▶ Task:
Pick every line from the data below that contains the string "longleftrightarrow" and copy it.

── Source material

(* Let $n_\theta\in\mathbb{N}$ and let $\kappa:\mathbb{R}^{n_\theta}\times\mathbb{R}^{n_\theta}\to\mathbb{R}$ be a kernel (as in the context) with reproducing kernel Hilbert space $\mathcal{H}$. Let a dataset $\mathcal{D}_k=\{(\widetilde\theta_i,\widetilde y_i)\mid i=1,\dots,N_k\}\subset\mathbb{R}^{n_\theta}\times\mathbb{R}$, constants $\bar\delta\ge 0$ and $\Gamma>0$, and a function $f\in\mathcal{H}$ be given such that $\lVert f\rVert\le\Gamma$ and $|f(\widetilde\theta_i)-\widetilde y_i|\le\bar\delta$ for all $i=1,\dots,N_k$. Let $m_k$ be defined by $$m_k=\arg\min_{m\in\mathcal{H}}\lVert m\rVert^2\quad\text{s.t. } |m(\widetilde\theta_i)-\widetilde y_i|\le\bar\delta\ \ \forall i\in\{1,\dots,N_k\}.$$ Define the feasible set $\mathcal{F}:=\{g\in\mathcal{H}: \lVert g\rVert^2\le\Gamma^2,\ |g(\widetilde\theta_i)-\widetilde y_i|\le\bar\delta\ \forall i=1,\dots,N_k\}$ (so $f\in\mathcal{F}$). Fix $\theta\in\mathbb{R}^{n_\theta}$. (i) With $N=N_k+n_\theta$, the infimum $\inf_{g\in\mathcal{F}}\nabla g(\theta)^\top\nabla m_k(\theta)$ is attained and equals the optimal value of the second-order cone program $$\underline b(\theta):=\min_{\beta\in\mathbb{R}^N}\ \begin{bmatrix}0_{1\times N_k} & \nabla m_k(\theta)^\top\end{bmatrix}\mathfrak{K}(\theta)\beta\quad\text{s.t.}\quad \beta^\top\mathfrak{K}(\theta)\beta\le\Gamma^2,\ \ |\xi_i^\top\mathfrak{K}(\theta)\beta-\widetilde y_i|\le\bar\delta\ \ \forall i\in\{1,\dots,N_k\},$$ where $\xi_i\in\mathbb{R}^N$ is the $i$-th standard basis vector. In particular $\nabla f(\theta)^\top\nabla m_k(\theta)\ge\underline b(\theta)$. (ii) For any $\mu>0$ and $c\in(0,1)$, let $\theta^+:=\theta-\mu\nabla m_k(\theta)$ and $N=N_k+2+n_\theta$. Then the supremum $\sup_{g\in\mathcal{F}}\big(g(\theta^+)-g(\theta)+c\mu\nabla g(\theta)^\top\nabla m_k(\theta)\big)$ is attained and equals the optimal value of the second-order cone program $$\bar b(\theta,\mu):=\max_{\beta\in\mathbb{R}^N}\ \begin{bmatrix}0_{1\times N_k} & -1 & 1 & c\mu\nabla m_k(\theta)^\top\end{bmatrix}\mathfrak{K}'(\theta,\theta^+)\beta\quad\text{s.t.}\quad\beta^\top\mathfrak{K}'(\theta,\theta^+)\beta\le\Gamma^2,\ \ |\xi_i^\top\mathfrak{K}'(\theta,\theta^+)\beta-\widetilde y_i|\le\bar\delta\ \ \forall i\in\{1,\dots,N_k\},$$ with $\xi_i\in\mathbb{R}^N$ the $i$-th standard basis vector. In particular $f(\theta^+)-f(\theta)+c\mu\nabla f(\theta)^\top\nabla m_k(\theta)\le\bar b(\theta,\mu)$.
   Context: A kernel is a continuous, symmetric, twice continuously differentiable function $\kappa:\mathbb{R}^{n_\theta}\times\mathbb{R}^{n_\theta}\to\mathbb{R}$ that is positive definite in the sense that for every $N\in\mathbb{N}$ and every $\theta_1,\dots,\theta_N\in\mathbb{R}^{n_\theta}$ the matrix $[\kappa(\theta_i,\theta_j)]_{i,j}$ is positive semidefinite. $\mathcal{H}$ is its unique reproducing kernel Hilbert space (completion of finite sums $\sum_i\alpha_i\kappa(\cdot,\theta_i)$ under $\langle\kappa(\cdot,a),\kappa(\cdot,b)\rangle=\kappa(a,b)$), with norm $\lVert g\rVert=\sqrt{\langle g,g\rangle}$. Notation: $D^{(a,b)}\kappa(\theta,\theta')$ denotes the mixed partial derivative of $\kappa$ of multi-order $a$ in the first argument and $b$ in the second; $e_j\in\mathbb{R}^{n_\theta}$ is the $j$-th standard basis vector. With $\Omega=\{\widetilde\theta_1,\dots,\widetilde\theta_{N_k}\}$: $K_{\Omega\Omega}$ is the $N_k\times N_k$ matrix with entries $\kappa(\widetilde\theta_i,\widetilde\theta_j)$; $K_\Omega(z)=[\kappa(z,\widetilde\theta_1)\ \cdots\ \kappa(z,\widetilde\theta_{N_k})]$ (row vector); $\nabla K_\Omega(z)$ is the $n_\theta\times N_k$ matrix with $(j,i)$ entry $D^{(e_j,0)}\kappa(z,\widetilde\theta_i)$; $\nabla K(a,b):=[D^{(e_1,0)}\kappa(a,b)\ \cdots\ D^{(e_{n_\theta},0)}\kappa(a,b)]^\top\in\mathbb{R}^{n_\theta}$; $D^2_{1,2}\kappa(\theta,\theta)$ is the $n_\theta\times n_\theta$ matrix with $(i,j)$ entry $D^{(e_i,e_j)}\kappa(\theta,\theta)$. $$\mathfrak{K}(\theta):=\begin{bmatrix}K_{\Omega\Omega} & \nabla K_\Omega(\theta)^\top\\ \nabla K_\Omega(\theta) & D^2_{1,2}\kappa(\theta,\theta)\end{bmatrix},$$ $$\mathfrak{K}'(\theta,\theta^+):=\begin{bmatrix}K_{\Omega\Omega} & K_\Omega(\theta)^\top & K_\Omega(\theta^+)^\top & \nabla K_\Omega(\theta)^\top\\ K_\Omega(\theta) & \kappa(\theta,\theta) & \kappa(\theta,\theta^+) & \nabla K(\theta,\theta)^\top\\ K_\Omega(\theta^+) & \kappa(\theta^+,\theta) & \kappa(\theta^+,\theta^+) & \nabla K(\theta,\theta^+)^\top\\ \nabla K_\Omega(\theta) & \nabla K(\theta,\theta) & \nabla K(\theta,\theta^+) & D^2_{1,2}\kappa(\theta,\theta)\end{bmatrix}.$$ If points among $\widetilde\theta_1,\dots,\widetilde\theta_{N_k},\theta,\theta^+$ coincide, duplicated rows/columns may be removed; this does not change the optimal values. *)

theory Defs
  imports "HOL-Analysis.Analysis"
begin

definition pd1 :: "(real^'n \<Rightarrow> real^'n \<Rightarrow> real) \<Rightarrow> 'n \<Rightarrow> real^'n \<Rightarrow> real^'n \<Rightarrow> real" where
  "pd1 k j a b = deriv (\<lambda>t. k (a + t *\<^sub>R axis j 1) b) 0"

definition pd12 :: "(real^'n \<Rightarrow> real^'n \<Rightarrow> real) \<Rightarrow> 'n \<Rightarrow> 'n \<Rightarrow> real^'n \<Rightarrow> real^'n \<Rightarrow> real" where
  "pd12 k i j a b = deriv (\<lambda>s. pd1 k i a (b + s *\<^sub>R axis j 1)) 0"

definition grad :: "(real^'n \<Rightarrow> real) \<Rightarrow> real^'n \<Rightarrow> real^'n" where
  "grad g x = (\<chi> j. deriv (\<lambda>t. g (x + t *\<^sub>R axis j 1)) 0)"

definition C2 :: "('a::real_normed_vector \<Rightarrow> real) \<Rightarrow> bool" where
  "C2 f \<longleftrightarrow> (\<exists>(D1 :: 'a \<Rightarrow> 'a \<Rightarrow>\<^sub>L real) (D2 :: 'a \<Rightarrow> 'a \<Rightarrow>\<^sub>L ('a \<Rightarrow>\<^sub>L real)).
      (\<forall>x. (f has_derivative blinfun_apply (D1 x)) (at x)) \<and>
      (\<forall>x. (D1 has_derivative blinfun_apply (D2 x)) (at x)) \<and>
      continuous_on UNIV D2)"

definition is_kernel :: "(real^'n \<Rightarrow> real^'n \<Rightarrow> real) \<Rightarrow> bool" where
  "is_kernel k \<longleftrightarrow>
     continuous_on UNIV (\<lambda>z. k (fst z) (snd z)) \<and>
     (\<forall>a b. k a b = k b a) \<and>
     C2 (\<lambda>z :: (real^'n) \<times> (real^'n). k (fst z) (snd z)) \<and>
     (\<forall>(N::nat) (p :: nat \<Rightarrow> real^'n) (\<alpha> :: nat \<Rightarrow> real).
        0 \<le> (\<Sum>i<N. \<Sum>j<N. \<alpha> i * \<alpha> j * k (p i) (p j)))"

definition rnorm :: "(('a \<Rightarrow> real) \<Rightarrow> ('a \<Rightarrow> real) \<Rightarrow> real) \<Rightarrow> ('a \<Rightarrow> real) \<Rightarrow> real" where
  "rnorm ip g = sqrt (ip g g)"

────

▶ Exercise answer:
  "C2 f \<longleftrightarrow> (\<exists>(D1 :: 'a \<Rightarrow> 'a \<Rightarrow>\<^sub>L real) (D2 :: 'a \<Rightarrow> 'a \<Rightarrow>\<^sub>L ('a \<Rightarrow>\<^sub>L real)).
  "is_kernel k \<longleftrightarrow>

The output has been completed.